A lot of them! In fact 81% of the data in the original matrix are NA. So let’s discard them using na.omit or filter(!is.na(counts)). You can also use values_drop_na = TRUE in the pivot_longer function call. That will make a much smaller table. If you look at the smaller table, you’ll see there are some counts equal to 0. So NA did not simply mean 0. (You should never use NA to mean 0; it should mean missing. But some people do.)
The category variable combines three pieces of information together in one label. How can we decode the category into three columns: diagnosis, sex, and age group? The separate function is made for this. The easiest way to use separate is if the variable you are separating is consistently structured with the same character between each column, such as new_rel_f_2534. That’s not the case here: some values start with new_ and some are missing the underscore after the new. Also there is no underscore between sex and age group. So we will do a bit of pre-processing using the stringr package before we use separate.

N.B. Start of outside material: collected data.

lemma affine_finite_measure:
  assumes "affine_process \<Omega> P F Sig \<phi> \<psi>" "pos_def y"
  shows "finite_measure (P y)"
  using affine_prob_space_sets[OF assms] prob_space.finite_measure by blast

lemma affine_space_eq:
  assumes "affine_process \<Omega> P F Sig \<phi> \<psi>" "pos_def x"
  shows "space (P x) = space \<Omega>"
  using affine_prob_space_sets[OF assms] sets_eq_imp_space_eq by blast

lemma I_set_scaleR:
  assumes fin: "\<And>y. pos_def y \<Longrightarrow> finite_measure (P y)"
    and u: "u \<in> I_set P Sig T" and s: "0 \<le> s" "s \<le> 1"
  shows "s *\<^sub>R u \<in> I_set P Sig T"
proof -
  have "sym_mat (s *\<^sub>R u)" using u unfolding I_set_def sym_mat_def by (simp add: transpose_scalar)
  moreover have "integrable (P y) (\<lambda>\<omega>. exp (- trace ((s *\<^sub>R u) ** Sig T \<omega>)))" if "pos_def y" for y
    using integrable_exp_scaled[OF fin[OF that] _ s, of "\<lambda>\<omega>. trace (u ** Sig T \<omega>)"] u that
    unfolding I_set_def by (simp add: trace_mult_scaleR)
  ultimately show ?thesis unfolding I_set_def by blast
qed

lemma zero_in_I_set:
  fixes P :: "'d::finite smat \<Rightarrow> 'a measure"
  assumes fin: "\<And>y. pos_def y \<Longrightarrow> finite_measure (P y)"
  shows "0 \<in> I_set P Sig T"
proof -
  have "sym_mat (0 :: 'd::finite smat)" unfolding sym_mat_def by (simp add: transpose_def vec_eq_iff)
  moreover have "integrable (P y) (\<lambda>\<omega>. exp (- trace ((0 :: 'd smat) ** Sig T \<omega>)))" if "pos_def y" for y
    using finite_measure.integrable_const[OF fin[OF that]] by (simp add: trace_def)
  ultimately show ?thesis unfolding I_set_def by blast
qed

lemma initial_laplace_transform:
  assumes aff: "affine_process \<Omega> P F Sig \<phi> \<psi>" and x: "pos_def x"
    and T: "0 \<le> T" and u: "u \<in> I_set P Sig T"
  shows "(\<integral>\<omega>. exp (- trace (u ** Sig T \<omega>)) \<partial>P x) = exp (- \<phi> T u - trace (\<psi> T u ** x))"
proof -
  interpret sigma_finite_subalgebra "P x" "F 0" using affine_subalgebra[OF aff x] by simp
  interpret prob_space "P x" using affine_prob_space_sets[OF aff x] by simp
  let ?E = "\<lambda>\<omega>. exp (- trace (u ** Sig T \<omega>))"
  have int: "integrable (P x) ?E" using u x unfolding I_set_def by blast
  have ae: "AE \<omega> in P x. real_cond_exp (P x) (F 0) ?E \<omega> = exp (- \<phi> T u - trace (\<psi> T u ** x))"
    using affine_laplace[OF aff x order_refl T u] affine_initial[OF aff x] by eventually_elim simp
  have "(\<integral>\<omega>. ?E \<omega> \<partial>P x) = (\<integral>\<omega>. real_cond_exp (P x) (F 0) ?E \<omega> \<partial>P x)"
    using real_cond_exp_int(2)[OF int] by simp
  also have "\<dots> = (\<integral>\<omega>. exp (- \<phi> T u - trace (\<psi> T u ** x)) \<partial>P x)"
    by (rule integral_cong_AE)
      (use ae real_cond_exp_int(1)[OF int] in \<open>auto intro: borel_measurable_integrable\<close>)
  also have "\<dots> = exp (- \<phi> T u - trace (\<psi> T u ** x))" by (simp add: prob_space)
  finally show ?thesis .
qed

lemma Mproc_cond_exp:
  assumes aff: "affine_process \<Omega> P F Sig \<phi> \<psi>" and "pos_def x" "0 \<le> t" "t \<le> T"
    and "u \<in> I_set P Sig T"
  shows "AE \<omega> in P x. real_cond_exp (P x) (F t) (\<lambda>\<omega>. exp (- trace (u ** Sig T \<omega>))) \<omega>
           = Mproc \<phi> \<psi> Sig T u t \<omega>"
  using affine_laplace[OF assms] unfolding Mproc_def .

text \<open>Strict monotonicity of M^u in u: if u \<prec> v then M^v_t < M^u_t almost surely, by the trace
  inequality and strict monotonicity of conditional expectation.\<close>

lemma Mproc_strict_mono:
  assumes aff: "affine_process \<Omega> P F Sig \<phi> \<psi>" and x: "pos_def x" and t: "0 \<le> t" "t \<le> T"
    and u: "u \<in> I_set P Sig T" and v: "v \<in> I_set P Sig T" and prec: "mat_prec u v"
  shows "AE \<omega> in P x. Mproc \<phi> \<psi> Sig T v t \<omega> < Mproc \<phi> \<psi> Sig T u t \<omega>"
proof -
  interpret sigma_finite_subalgebra "P x" "F t" using affine_subalgebra[OF aff x t(1)] .
  have "AE \<omega> in P x. exp (- trace (v ** Sig T \<omega>)) < exp (- trace (u ** Sig T \<omega>))"
  proof (rule AE_I2)
    fix \<omega> assume "\<omega> \<in> space (P x)"
    then have "pos_def (Sig T \<omega>)"
      using affine_pos_def[OF aff] affine_space_eq[OF aff x] t by simp
    then have "trace ((u - v) ** Sig T \<omega>) < 0"
      using neg_def_trace_neg prec unfolding mat_prec_def by blast
    then show "exp (- trace (v ** Sig T \<omega>)) < exp (- trace (u ** Sig T \<omega>))"
      by (simp add: trace_mult_diff)
  qed
  then have "AE \<omega> in P x. real_cond_exp (P x) (F t) (\<lambda>\<omega>. exp (- trace (v ** Sig T \<omega>))) \<omega>
      < real_cond_exp (P x) (F t) (\<lambda>\<omega>. exp (- trace (u ** Sig T \<omega>))) \<omega>"
    using u v x unfolding I_set_def by (intro real_cond_exp_mono_strict) auto
  then show ?thesis using Mproc_cond_exp[OF aff x t u] Mproc_cond_exp[OF aff x t v] by eventually_elim simp
qed

lemma Mproc_zero:
  assumes aff: "affine_process \<Omega> P F Sig \<phi> \<psi>" and x: "pos_def x" and t: "0 \<le> t" "t \<le> T"
  shows "AE \<omega> in P x. Mproc \<phi> \<psi> Sig T 0 t \<omega> = 1"
proof -
  interpret sigma_finite_subalgebra "P x" "F t" using affine_subalgebra[OF aff x t(1)] .
  interpret prob_space "P x" using affine_prob_space_sets[OF aff x] by simp
  have zero: "0 \<in> I_set P Sig T" by (rule zero_in_I_set) (rule affine_finite_measure[OF aff])
  have const: "(\<lambda>\<omega>. exp (- trace (0 ** Sig T \<omega>))) = (\<lambda>\<omega>. 1)" by (simp add: trace_def)
  have "AE \<omega> in P x. real_cond_exp (P x) (F t) (\<lambda>\<omega>. exp (- trace (0 ** Sig T \<omega>))) \<omega> = 1"
    unfolding const by (intro real_cond_exp_F_meas) auto
  then show ?thesis using Mproc_cond_exp[OF aff x t zero] by eventually_elim simp
qed

lemma strictly_decreasing_from_steps:
  fixes b :: "nat \<Rightarrow> real"
  assumes step: "\<And>k. Suc k \<le> N \<Longrightarrow> b (Suc k) < b k"
  shows "i < j \<Longrightarrow> j \<le> N \<Longrightarrow> b j < b i"
proof (induction j)
  case (Suc j)
  have "b (Suc j) < b j" using step Suc.prems(2) .
  moreover have "i < j \<Longrightarrow> b j < b i" using Suc.IH Suc.prems(2) by simp
  ultimately show ?case using Suc.prems(1) by (cases "i = j") auto
qed simp

lemma positive_libor_bonds_decreasing:
  fixes B0 :: "nat \<Rightarrow> real"
  assumes pos: "\<forall>k\<le>N. B0 k > 0" and dT: "\<Delta>T > 0"
    and libor: "\<forall>k\<in>{1..N}. (B0 (k - 1) / B0 k - 1) / \<Delta>T > 0"
    and ij: "i < j" "j \<le> N"
  shows "B0 j < B0 i"
proof (rule strictly_decreasing_from_steps[OF _ ij])
  fix k assume k: "Suc k \<le> N"
  have "0 < (B0 (Suc k - 1) / B0 (Suc k) - 1) / \<Delta>T" using libor[rule_format, of "Suc k"] k by simp
  then have "1 < B0 k / B0 (Suc k)" using dT by (simp add: zero_less_divide_iff)
  moreover have "0 < B0 (Suc k)" using pos k by simp
  ultimately show "B0 (Suc k) < B0 k" by (simp add: less_divide_eq_1_pos)
qed

lemma ratio_gt_one_from_normalized:
  fixes a b n :: real
  assumes "0 < b" "0 < n" "b / n < a / n"
  shows "1 < a / b"
proof -
  have "b < a" using assms(2,3) by (simp add: divide_less_cancel)
  then show ?thesis using assms(1) by (simp add: less_divide_eq_1_pos)
qed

First, I’ll remove “new” or “new_” (described concisely by a “regular expression” using new_*). Then I’ll change _f to _f_ and _m to _m_. When you first start learning to do these kinds of manipulations, you should check through a lot of the cases to be sure all the transformations worked the way you expect. There are a lot os str_ functions in the stringr package to help with these kinds of manipulations.
# A tibble: 6 × 8
country iso2 iso3 year diagnosis sex age_group counts
<chr> <chr> <chr> <dbl> <chr> <chr> <chr> <dbl>
1 Afghanistan AF AFG 1997 sp m 014 0
2 Afghanistan AF AFG 1997 sp m 1524 10
3 Afghanistan AF AFG 1997 sp m 2534 6
4 Afghanistan AF AFG 1997 sp m 3544 3
5 Afghanistan AF AFG 1997 sp m 4554 5
6 Afghanistan AF AFG 1997 sp m 5564 2
Now we can use the dplyr methods group_by and summarize to count cases by sex, age group, diagnosis, country, and year. Or we can use these new variables in data visualizations for facets or colours.

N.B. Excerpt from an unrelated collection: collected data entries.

lemma invertible_diff_scalar_iff_abs:
  assumes p: "p \<in> sa_proj A" and q: "q \<in> sa_proj A"
    and meet: "sa_is_meet A Pos p q 0" and meet': "sa_is_meet A Pos (1 - p) (1 - q) 0"
  defines "c \<equiv> sa_sqrt Pos ((p + q - 1) * (p + q - 1))"
  shows "sa_invertible A (p + q - 1 - m *\<^sub>R 1) \<longleftrightarrow>
    sa_invertible A (c - m *\<^sub>R 1) \<and> sa_invertible A (c + m *\<^sub>R 1)"
proof -
  define b where "b = p + q - 1"
  have b: "b \<in> A" unfolding b_def using p q one_mem add_mem diff_mem unfolding sa_proj_def by auto
  then have bb: "b * b \<in> Pos" using square_pos by blast
  have c: "c \<in> A" "c * c = b * b"
    using sqrt_pos[OF bb] sqrt_mult_self[OF bb] pos_mem unfolding c_def b_def by auto
  have "sa_invertible A (b - m *\<^sub>R 1) \<longleftrightarrow> sa_invertible A (b + m *\<^sub>R 1)"
    using invertible_add_scalar_if_invertible_diff_scalar[OF p q meet meet', of m]
      invertible_add_scalar_if_invertible_diff_scalar[OF p q meet meet', of "- m"]
    unfolding b_def by auto
  moreover have "sa_invertible A ((b - m *\<^sub>R 1) * (b + m *\<^sub>R 1)) \<longleftrightarrow>
      sa_invertible A (b - m *\<^sub>R 1) \<and> sa_invertible A (b + m *\<^sub>R 1)"
    by (rule invertible_mult_iff) (use b scaleR_one_mem diff_mem add_mem in \<open>auto simp: algebra_simps\<close>)
  ultimately have "sa_invertible A (b - m *\<^sub>R 1) \<longleftrightarrow> sa_invertible A ((b - m *\<^sub>R 1) * (b + m *\<^sub>R 1))"
    by blast
  also have "(b - m *\<^sub>R 1) * (b + m *\<^sub>R 1) = (c - m *\<^sub>R 1) * (c + m *\<^sub>R 1)"
    using c(2) by (simp add: algebra_simps)
  also have "sa_invertible A \<dots> \<longleftrightarrow> sa_invertible A (c - m *\<^sub>R 1) \<and> sa_invertible A (c + m *\<^sub>R 1)"
    by (rule invertible_mult_iff) (use c(1) scaleR_one_mem diff_mem add_mem in \<open>auto simp: algebra_simps\<close>)
  finally show ?thesis unfolding b_def .
qed

end

theorem theorem8p1:
  fixes A Pos :: "'a::real_algebra_1 set" and p q c :: 'a
  assumes "synaptic_algebra A Pos"
    and "p \<in> sa_proj A" and "q \<in> sa_proj A"
    and "sa_is_meet A Pos p q 0"
    and "sa_is_meet A Pos p (1 - q) 0"
    and "sa_is_meet A Pos (1 - p) q 0"
    and "sa_is_meet A Pos (1 - p) (1 - q) 0"
    and "c = sa_sqrt Pos (p * q * p + (1 - p) * (1 - q) * (1 - p))"
  shows "sa_spectrum A (p + q) =
           {1 + g | g. g \<in> sa_spectrum A c} \<union> {1 - g | g. g \<in> sa_spectrum A c}"
proof -
  interpret synaptic A Pos using assms(1) by unfold_locales
  have "p * p = p" "q * q = q" using assms(2,3) unfolding sa_proj_def by auto
  then have "c = sa_sqrt Pos ((p + q - 1) * (p + q - 1))"
    using assms(8) idempotents_sum_sq by metis
  then have "l \<in> sa_spectrum A (p + q) \<longleftrightarrow> l - 1 \<in> sa_spectrum A c \<or> 1 - l \<in> sa_spectrum A c" for l
    using invertible_diff_scalar_iff_abs[OF assms(2,3,4,7), of "l - 1"]
    unfolding sa_spectrum_def by (auto simp: algebra_simps)
  moreover have "{1 + g | g. g \<in> S} \<union> {1 - g | g. g \<in> S} = {l. l - 1 \<in> S \<or> 1 - l \<in> S}"
    for S :: "real set"
    by (auto simp: algebra_simps) (metis add_diff_cancel_left' diff_diff_cancel)
  ultimately show ?thesis by blast
qed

Sometimes you will want to do the reverse operation: combining two or more columns together. For example, if I have some biological data with the variables genus and species, I might want to combine the two, since a species is usually described by both together (Homo is our genus, and sapiens is our species name). That’s a job for unite.